Случайно ли закладка лежала именно здесь или дон Гаэтано нарочно отметил
Мне не хотелось ни думать об этом, ни читать дальше. Я закрыл и отложил книгу. И начал рисовать. Поскольку рисунок предназначался в подарок Скаламбри, я выбрал темой обнаженную женскую натуру и изобразил ее сколько мог непристойней и отвратительней, чтобы Скаламбри, которого, как мне казалось, я знал достаточно хорошо, избавился от рисунка, продав его, а увидев, сколько ему дадут, стал ценить меня еще выше и завидовать мне еще больше.
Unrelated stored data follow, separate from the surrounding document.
(* Let $m_1,m_2$ be positive integers. If $\Delta(\mathcal{T},m_1)$ and $\Delta(\mathcal{T},m_2)$ are isomorphic as unlabelled directed graphs, then $m_1=m_2$.
   Context: A quasi-array of size $m$ is an array $Q$ with cells $(i,j)$, $1\le i\le m$, $1\le j\le m-i+1$, each containing a positive integer $Q_{(i,j)}$, with $Q_{(1,j)}\le Q_{(1,j+1)}$ and $Q_{(i,j)}=Q_{(1,i+j-1)}+i-1$. The $k$-th diagonal is the set of cells $(i,j)$ with $i+j-1=k$. For $Q$ of size $m$: $D_m$ is always defined and adds $1$ to every entry of the $m$-th diagonal; for $1\le k\le m-1$, $D_k$ is defined iff $Q_{(1,k)}<Q_{(1,k+1)}$, and then adds $1$ to every entry of the $k$-th diagonal; $D_k$ is undefined for $k>m$. $\Delta(\mathcal{T},m)$ is the directed graph whose vertices are the quasi-arrays of size $m$, with an edge $Q\to D_k(Q)$ labelled $k$ whenever $D_k$ is defined on $Q$. *)

theory Defs
  imports Main
begin

text \<open>A quasi-array of size m is represented as a function Q :: nat => nat => nat,
  where Q i j is the entry in cell (i,j); outside the cells the value is fixed to 0
  so that each quasi-array has a unique representation.\<close>

definition qa_cells :: "nat \<Rightarrow> (nat \<times> nat) set" where
  "qa_cells m = {(i, j). 1 \<le> i \<and> i \<le> m \<and> 1 \<le> j \<and> j \<le> m - i + 1}"

definition quasi_array :: "nat \<Rightarrow> (nat \<Rightarrow> nat \<Rightarrow> nat) \<Rightarrow> bool" where
  "quasi_array m Q \<longleftrightarrow>
     (\<forall>(i, j) \<in> qa_cells m. 0 < Q i j) \<and>
     (\<forall>i j. (i, j) \<notin> qa_cells m \<longrightarrow> Q i j = 0) \<and>
     (\<forall>j. 1 \<le> j \<and> j < m \<longrightarrow> Q 1 j \<le> Q 1 (j + 1)) \<and>
     (\<forall>(i, j) \<in> qa_cells m. Q i j = Q 1 (i + j - 1) + (i - 1))"

definition qa_D :: "nat \<Rightarrow> nat \<Rightarrow> (nat \<Rightarrow> nat \<Rightarrow> nat) \<Rightarrow> (nat \<Rightarrow> nat \<Rightarrow> nat)" where
  "qa_D m k Q = (\<lambda>i j. if (i, j) \<in> qa_cells m \<and> i + j - 1 = k then Q i j + 1 else Q i j)"

definition qa_D_defined :: "nat \<Rightarrow> nat \<Rightarrow> (nat \<Rightarrow> nat \<Rightarrow> nat) \<Rightarrow> bool" where
  "qa_D_defined m k Q \<longleftrightarrow> 1 \<le> k \<and> (k = m \<or> (k < m \<and> Q 1 k < Q 1 (k + 1)))"

definition Delta_V :: "nat \<Rightarrow> (nat \<Rightarrow> nat \<Rightarrow> nat) set" where
  "Delta_V m = {Q. quasi_array m Q}"

definition Delta_E :: "nat \<Rightarrow> (nat \<Rightarrow> nat \<Rightarrow> nat) \<Rightarrow> (nat \<Rightarrow> nat \<Rightarrow> nat) \<Rightarrow> bool" where
  "Delta_E m Q Q' \<longleftrightarrow> Q \<in> Delta_V m \<and> (\<exists>k. qa_D_defined m k Q \<and> Q' = qa_D m k Q)"

definition Delta_iso :: "nat \<Rightarrow> nat \<Rightarrow> bool" where
  "Delta_iso m1 m2 \<longleftrightarrow> (\<exists>f. bij_betw f (Delta_V m1) (Delta_V m2) \<and>
     (\<forall>P \<in> Delta_V m1. \<forall>Q \<in> Delta_V m1. Delta_E m1 P Q \<longleftrightarrow> Delta_E m2 (f P) (f Q)))"

end

theory Submission
  imports Defs
begin

text \<open>A graph isomorphism preserves out-degrees, so the set of out-degrees of \<open>\<Delta>(\<T>, m)\<close> is
  an isomorphism invariant. Its maximum is \<open>m\<close>: a vertex has at most the \<open>m\<close> successors
  \<open>D\<^sub>1 Q, \<dots>, D\<^sub>m Q\<close>, and the quasi-array with strictly increasing first row \<open>1, 2, \<dots>, m\<close>
  has all of them, pairwise distinct.\<close>

lemma out_degrees_bij_betw:
  assumes "bij_betw f V W"
    and "\<forall>P \<in> V. \<forall>Q \<in> V. E P Q \<longleftrightarrow> E' (f P) (f Q)"
  shows "(\<lambda>P. card {Q \<in> V. E P Q}) ` V = (\<lambda>P. card {Q \<in> W. E' P Q}) ` W"
proof -
  have surj: "f ` V = W"
    using assms(1) by (rule bij_betw_imp_surj_on)
  have inj: "inj_on f V"
    using assms(1) by (rule bij_betw_imp_inj_on)
  have "card {Q \<in> W. E' (f P) Q} = card {Q \<in> V. E P Q}" if "P \<in> V" for P
  proof -
    have "{Q \<in> W. E' (f P) Q} = f ` {Q \<in> V. E' (f P) (f Q)}"
      unfolding surj[symmetric] by blast
    also have "{Q \<in> V. E' (f P) (f Q)} = {Q \<in> V. E P Q}"
      using assms(2) \<open>P \<in> V\<close> by blast
    finally show ?thesis
      using inj by (simp add: card_image inj_on_subset)
  qed
  then have "(\<lambda>P. card {Q \<in> V. E P Q}) ` V = (\<lambda>P. card {Q \<in> W. E' P Q}) ` f ` V"
    unfolding image_image by (rule image_cong[OF refl, symmetric])
  then show ?thesis
    unfolding surj .
qed

definition Delta_succs :: "nat \<Rightarrow> (nat \<Rightarrow> nat \<Rightarrow> nat) \<Rightarrow> (nat \<Rightarrow> nat \<Rightarrow> nat) set" where
  "Delta_succs m P = {Q \<in> Delta_V m. Delta_E m P Q}"

definition Delta_out_degrees :: "nat \<Rightarrow> nat set" where
  "Delta_out_degrees m = (\<lambda>P. card (Delta_succs m P)) ` Delta_V m"

lemma Delta_out_degrees_eq_if_iso:
  assumes "Delta_iso m1 m2"
  shows "Delta_out_degrees m1 = Delta_out_degrees m2"
proof -
  from assms obtain f where "bij_betw f (Delta_V m1) (Delta_V m2)"
    and "\<forall>P \<in> Delta_V m1. \<forall>Q \<in> Delta_V m1. Delta_E m1 P Q \<longleftrightarrow> Delta_E m2 (f P) (f Q)"
    unfolding Delta_iso_def by blast
  then show ?thesis
    unfolding Delta_out_degrees_def Delta_succs_def
    by (rule out_degrees_bij_betw[where E = "Delta_E m1" and E' = "Delta_E m2"])
qed

lemma Delta_succs_subset: "Delta_succs m P \<subseteq> (\<lambda>k. qa_D m k P) ` {1..m}"
  unfolding Delta_succs_def Delta_E_def qa_D_defined_def by auto

lemma card_Delta_succs_le: "card (Delta_succs m P) \<le> m"
proof -
  have "card (Delta_succs m P) \<le> card ((\<lambda>k. qa_D m k P) ` {1..m})"
    using Delta_succs_subset by (rule card_mono[rotated]) simp
  also have "\<dots> \<le> m"
    using card_image_le[of "{1..m}" "\<lambda>k. qa_D m k P"] by simp
  finally show ?thesis .
qed

definition qa_staircase :: "nat \<Rightarrow> nat \<Rightarrow> nat \<Rightarrow> nat" where
  "qa_staircase m = (\<lambda>i j. if (i, j) \<in> qa_cells m then 2 * i + j - 2 else 0)"

lemma qa_staircase_in_Delta_V: "qa_staircase m \<in> Delta_V m"
  unfolding Delta_V_def quasi_array_def qa_staircase_def qa_cells_def by auto

lemma qa_D_qa_staircase_in_Delta_V:
  assumes "1 \<le> k" "k \<le> m"
  shows "qa_D m k (qa_staircase m) \<in> Delta_V m"
  using assms unfolding Delta_V_def quasi_array_def qa_staircase_def qa_cells_def qa_D_def
  by auto

lemma Delta_succs_qa_staircase:
  "Delta_succs m (qa_staircase m) = (\<lambda>k. qa_D m k (qa_staircase m)) ` {1..m}"
proof
  show "(\<lambda>k. qa_D m k (qa_staircase m)) ` {1..m} \<subseteq> Delta_succs m (qa_staircase m)"
  proof
    fix Q assume "Q \<in> (\<lambda>k. qa_D m k (qa_staircase m)) ` {1..m}"
    then obtain k where k: "k \<in> {1..m}" "Q = qa_D m k (qa_staircase m)" by auto
    then have "qa_D_defined m k (qa_staircase m)"
      unfolding qa_D_defined_def qa_staircase_def qa_cells_def by auto
    with k show "Q \<in> Delta_succs m (qa_staircase m)"
      using qa_D_qa_staircase_in_Delta_V[of k m] qa_staircase_in_Delta_V[of m]
      unfolding Delta_succs_def Delta_E_def by auto
  qed
qed (rule Delta_succs_subset)

lemma card_Delta_succs_qa_staircase: "card (Delta_succs m (qa_staircase m)) = m"
proof -
  have "inj_on (\<lambda>k. qa_D m k (qa_staircase m)) {1..m}"
  proof (rule inj_onI)
    fix k k'
    assume range: "k \<in> {1..m}" "k' \<in> {1..m}"
      and "qa_D m k (qa_staircase m) = qa_D m k' (qa_staircase m)"
    then have "qa_D m k (qa_staircase m) 1 k = qa_D m k' (qa_staircase m) 1 k"
      by simp
    with range show "k = k'"
      unfolding qa_D_def qa_staircase_def qa_cells_def by (auto split: if_splits)
  qed
  then show ?thesis
    unfolding Delta_succs_qa_staircase by (simp add: card_image)
qed

lemma Max_Delta_out_degrees: "Max (Delta_out_degrees m) = m"
proof (rule Max_eqI)
  have "Delta_out_degrees m \<subseteq> {..m}"
    unfolding Delta_out_degrees_def using card_Delta_succs_le by auto
  then show "finite (Delta_out_degrees m)"
    by (rule finite_subset) simp
  show "d \<le> m" if "d \<in> Delta_out_degrees m" for d
    using that card_Delta_succs_le unfolding Delta_out_degrees_def by auto
  show "m \<in> Delta_out_degrees m"
    unfolding Delta_out_degrees_def
    by (rule image_eqI[where x = "qa_staircase m"])
      (simp_all add: card_Delta_succs_qa_staircase qa_staircase_in_Delta_V)
qed

theorem proposition4p3:
  fixes m1 m2 :: nat
  assumes "0 < m1" and "0 < m2"
    and "Delta_iso m1 m2"
  shows "m1 = m2"
proof -
  have "m1 = Max (Delta_out_degrees m1)"
    by (simp add: Max_Delta_out_degrees)
  also have "\<dots> = Max (Delta_out_degrees m2)"
    using Delta_out_degrees_eq_if_iso[OF assms(3)] by simp
  also have "\<dots> = m2"
    by (rule Max_Delta_out_degrees)
  finally show ?thesis .
qed

end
Когда тема и предмет избраны, рисовать для меня — процесс настолько автоматический, что глаза и рука как бы от меня отчуждаются и действуют самостоятельно и независимо, вместе с тем освобождая мой ум от гнета вещей посторонних. Рисуя, я думаю вовсе не о рисунке, но мысли мои становятся точнее и яснее, связь их последовательней, а память — отчетливей и проворней. И сейчас, рисуя обнаженную натуру для Скаламбри, я развивал гипотезу, пришедшую мне в голову после первого убийства, — развивал так же, как шевалье Огюст Дюпен в рассказах Эдгара По. Между тем как взгляд и рука блуждали по листу бумаги, ум мой блуждал по площадке перед гостиницей — полукругу, метров на сто вдававшемуся в лес. Я видел на ней каждый камень, каждую выбоину, каждое дерево, как будто смотрел на нее среди бела дня, высунувшись из окна номера. Но большего я говорить не хочу. Кончил я рисовать, когда мне показалось, что задача мной решена. Рисунок вышел слишком проработанный и плотный, кое-где даже искромсанный, зато решение задачи — ясное и почти что лежащее на поверхности, как в «Украденном письме» у По. Отложив на завтра его проверку, я лег на кровать и сразу же уснул.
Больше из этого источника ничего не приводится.